Ох, елки зеленые! Уговорила в Москву ехать, к стенке прижала, впрочем, к стенке прижала не Зинаида, а жизнь – нельзя ему больше шофером, нельзя. В общем, едут начинать по новой, верней, продолжать, а кто они друг дружке, неизвестно. Муж и жена?

Она-то готова, ясное дело. Уступил ей Пряхин, и Зинаида в долгу не останется. Ну а он? Готов?..

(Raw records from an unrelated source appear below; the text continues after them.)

(* Let $p_1$ and $p_2$ be probability densities on $\mathbb{R}^n$ and $\omega\in[0,1]$. Define the unnormalized harmonic mean $\mathcal{M}^h_\omega\{p_1,p_2\}(\mathbf{x})=\frac{p_1(\mathbf{x})p_2(\mathbf{x})}{(1-\omega)p_1(\mathbf{x})+\omega p_2(\mathbf{x})}$, its normalization constant $\zeta^h=\int_{\mathbb{R}^n}\mathcal{M}^h_\omega\{p_1,p_2\}(\mathbf{x})\,d\mathbf{x}$ (assumed positive), and the harmonic mean density $\mathbf{M}^h_\omega\{p_1,p_2\}=\mathcal{M}^h_\omega\{p_1,p_2\}/\zeta^h$. Then for every $\mathbf{x}\in\mathbb{R}^n$, \[ \min\{p_1(\mathbf{x}),p_2(\mathbf{x})\}\le \mathbf{M}^h_\omega\{p_1,p_2\}(\mathbf{x}), \] i.e. the harmonic mean density is bounded from below by the pointwise minimum of the component densities.
   Context: The quotient defining $\mathcal{M}^h_\omega$ is taken to be $0$ at points where its numerator vanishes. *)

theory Defs
  imports "HOL-Analysis.Analysis"
begin

definition prob_density :: "('a::euclidean_space \<Rightarrow> real) \<Rightarrow> bool" where
  "prob_density p \<longleftrightarrow> p \<in> borel_measurable lborel \<and> (\<forall>x. 0 \<le> p x)
     \<and> integrable lborel p \<and> integral\<^sup>L lborel p = 1"

definition harm_mean_unnorm ::
  "real \<Rightarrow> ('a \<Rightarrow> real) \<Rightarrow> ('a \<Rightarrow> real) \<Rightarrow> 'a \<Rightarrow> real" where
  "harm_mean_unnorm \<omega> p1 p2 x =
     (if p1 x * p2 x = 0 then 0 else p1 x * p2 x / ((1 - \<omega>) * p1 x + \<omega> * p2 x))"

definition harm_norm_const ::
  "real \<Rightarrow> ('a::euclidean_space \<Rightarrow> real) \<Rightarrow> ('a \<Rightarrow> real) \<Rightarrow> real" where
  "harm_norm_const \<omega> p1 p2 = integral\<^sup>L lborel (harm_mean_unnorm \<omega> p1 p2)"

definition harm_mean_density ::
  "real \<Rightarrow> ('a::euclidean_space \<Rightarrow> real) \<Rightarrow> ('a \<Rightarrow> real) \<Rightarrow> 'a \<Rightarrow> real" where
  "harm_mean_density \<omega> p1 p2 x = harm_mean_unnorm \<omega> p1 p2 x / harm_norm_const \<omega> p1 p2"

end

theory Submission
  imports Defs
begin

text \<open>Pointwise, the weighted harmonic mean of \<open>p1 x\<close> and \<open>p2 x\<close> lies between
  \<open>min (p1 x) (p2 x)\<close> and the arithmetic mean with swapped weights
  \<open>(1 - \<omega>) * p2 x + \<omega> * p1 x\<close>. Integrating the upper bound gives \<open>\<zeta>\<^sup>h \<le> 1\<close>, so
  normalizing by \<open>\<zeta>\<^sup>h\<close> can only increase the lower bound.\<close>

lemma weighted_mean_pos:
  fixes a b w :: real
  assumes "0 < a" "0 < b" "0 \<le> w" "w \<le> 1"
  shows "0 < (1 - w) * a + w * b"
proof (cases "w = 0")
  case False
  then have "0 < w * b" using assms by simp
  moreover have "0 \<le> (1 - w) * a" using assms by simp
  ultimately show ?thesis by linarith
qed (use assms in simp)

lemma min_le_harm_mean_unnorm:
  assumes "0 \<le> p1 x" "0 \<le> p2 x" "0 \<le> \<omega>" "\<omega> \<le> 1"
  shows "min (p1 x) (p2 x) \<le> harm_mean_unnorm \<omega> p1 p2 x"
proof (cases "p1 x * p2 x = 0")
  case True
  then show ?thesis using assms by (auto simp: harm_mean_unnorm_def)
next
  case False
  let ?a = "p1 x" and ?b = "p2 x"
  have pos: "0 < ?a" "0 < ?b" using False assms by auto
  have "(1 - \<omega>) * ?a + \<omega> * ?b \<le> max ?a ?b"
    using assms by (cases "?a \<le> ?b") (auto intro: convex_bound_le)
  then have "min ?a ?b * ((1 - \<omega>) * ?a + \<omega> * ?b) \<le> min ?a ?b * max ?a ?b"
    using pos by (intro mult_left_mono) auto
  also have "\<dots> = ?a * ?b" by (simp add: min_def max_def)
  finally show ?thesis
    using False weighted_mean_pos[OF pos assms(3,4)]
    by (simp add: harm_mean_unnorm_def pos_le_divide_eq)
qed

lemma harm_mean_unnorm_le_arith_mean:
  assumes "0 \<le> p1 x" "0 \<le> p2 x" "0 \<le> \<omega>" "\<omega> \<le> 1"
  shows "harm_mean_unnorm \<omega> p1 p2 x \<le> (1 - \<omega>) * p2 x + \<omega> * p1 x"
proof (cases "p1 x * p2 x = 0")
  case True
  then show ?thesis using assms by (auto simp: harm_mean_unnorm_def)
next
  case False
  let ?a = "p1 x" and ?b = "p2 x"
  have pos: "0 < ?a" "0 < ?b" using False assms by auto
  \<comment> \<open>the difference of the two sides is \<open>\<omega> (1 - \<omega>) (a - b)\<^sup>2\<close>\<close>
  have "0 \<le> \<omega> * (1 - \<omega>) * (?a - ?b)\<^sup>2" using assms by simp
  then have "?a * ?b \<le> ((1 - \<omega>) * ?b + \<omega> * ?a) * ((1 - \<omega>) * ?a + \<omega> * ?b)"
    by (simp add: algebra_simps power2_eq_square)
  then show ?thesis
    using False weighted_mean_pos[OF pos assms(3,4)]
    by (simp add: harm_mean_unnorm_def pos_divide_le_eq)
qed

lemma harm_norm_const_le_1:
  assumes "prob_density p1" "prob_density p2" "0 \<le> \<omega>" "\<omega> \<le> 1"
  shows "harm_norm_const \<omega> p1 p2 \<le> 1"
proof (cases "integrable lborel (harm_mean_unnorm \<omega> p1 p2)")
  case True
  have p1: "integrable lborel p1" "integral\<^sup>L lborel p1 = 1" "\<And>x. 0 \<le> p1 x"
    using assms(1) by (auto simp: prob_density_def)
  have p2: "integrable lborel p2" "integral\<^sup>L lborel p2 = 1" "\<And>x. 0 \<le> p2 x"
    using assms(2) by (auto simp: prob_density_def)
  have "harm_norm_const \<omega> p1 p2 \<le> integral\<^sup>L lborel (\<lambda>x. (1 - \<omega>) * p2 x + \<omega> * p1 x)"
    unfolding harm_norm_const_def
    using True p1 p2 assms(3,4) by (intro integral_mono harm_mean_unnorm_le_arith_mean) auto
  also have "\<dots> = 1" using p1 p2 by simp
  finally show ?thesis .
next
  case False
  then show ?thesis by (simp add: harm_norm_const_def not_integrable_integral_eq)
qed

theorem theorem3:
  fixes p1 p2 :: "real ^ 'n \<Rightarrow> real" and \<omega> :: real
  assumes "prob_density p1" and "prob_density p2"
    and "0 \<le> \<omega>" and "\<omega> \<le> 1"
    and "harm_norm_const \<omega> p1 p2 > 0"
  shows "\<forall>x. min (p1 x) (p2 x) \<le> harm_mean_density \<omega> p1 p2 x"
proof
  fix x
  have nonneg: "0 \<le> p1 x" "0 \<le> p2 x"
    using assms(1,2) by (auto simp: prob_density_def)
  have lower: "min (p1 x) (p2 x) \<le> harm_mean_unnorm \<omega> p1 p2 x"
    using nonneg assms(3,4) by (rule min_le_harm_mean_unnorm)
  with nonneg have "0 \<le> harm_mean_unnorm \<omega> p1 p2 x" by linarith
  then have "harm_mean_unnorm \<omega> p1 p2 x \<le> harm_mean_density \<omega> p1 p2 x"
    using assms(5) harm_norm_const_le_1[OF assms(1-4)]
    by (simp add: harm_mean_density_def le_divide_eq mult_left_le)
  with lower show "min (p1 x) (p2 x) \<le> harm_mean_density \<omega> p1 p2 x" by linarith
qed

end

Алексей представил, как приедут они в Москву, придут в комнату, где миловались когда-то, любили взапой и откуда потом ушла Зинаида вслед за своим Петром у всех на глазах, бесстыже Алексея унизив. И вот они снова переступят порог. Войдут в ту самую комнату. Мешки свои бросят. Снимут, он – шинель, она – пальто. Друг к другу подойдут. И что дальше? Как ни в чем не бывало дальше поедут? Переступят боль и позор?

Вагон шатало на стыках, качало, как на волнах.

И правда ли, правда, что они шагнули друг к другу? Через гибель Петро на фронте? Через ревность, ранение и беду Алексея?

Он встрепенулся, и Зинаида погладила его по руке. Алексей не ощутил этой ласки. Полоснуло, будто ножом самое главное.

Вот он все о своей беде. И уехать – это тоже повод. Беда да беда, его да его… Да при чем тут он? Тетя Груня, а ведь ты соврала! «Иди», – сказала она. И он пошел. Получается. И как еще получается! Только ведь не туда идет, не туда бежит.

А разве от себя убежишь?

Вот он в вагоне, вагон покачивает уютненько, и под ручку с разлюбезной Зинаидой прибудет он в столицу нашей Родины город Москву.

Алексей стер пот со лба.

– Тебе жарко? – спросила Зинаида. – Разденься!

Конечно, что скажет она? «Разденься!» Но ему жарко не потому, что в вагоне тепло, а на нем шинель. Вовсе не потому.

Как же просьба его истовая, там, на могиле? «Прости, женщина!» Ее нет, она и простить может. А он? Он-то есть, жив, вот тут, в вагоне, потеет – натворил и бегом от этакой беды…

«Иди», – сказала тетя Груня. Иди! И он, выходит, пошел? От самого себя пошел…

Алексей выпрямился. Четверо – старуха и три девочки – стояли перед ним. Стояли и смотрели в упор.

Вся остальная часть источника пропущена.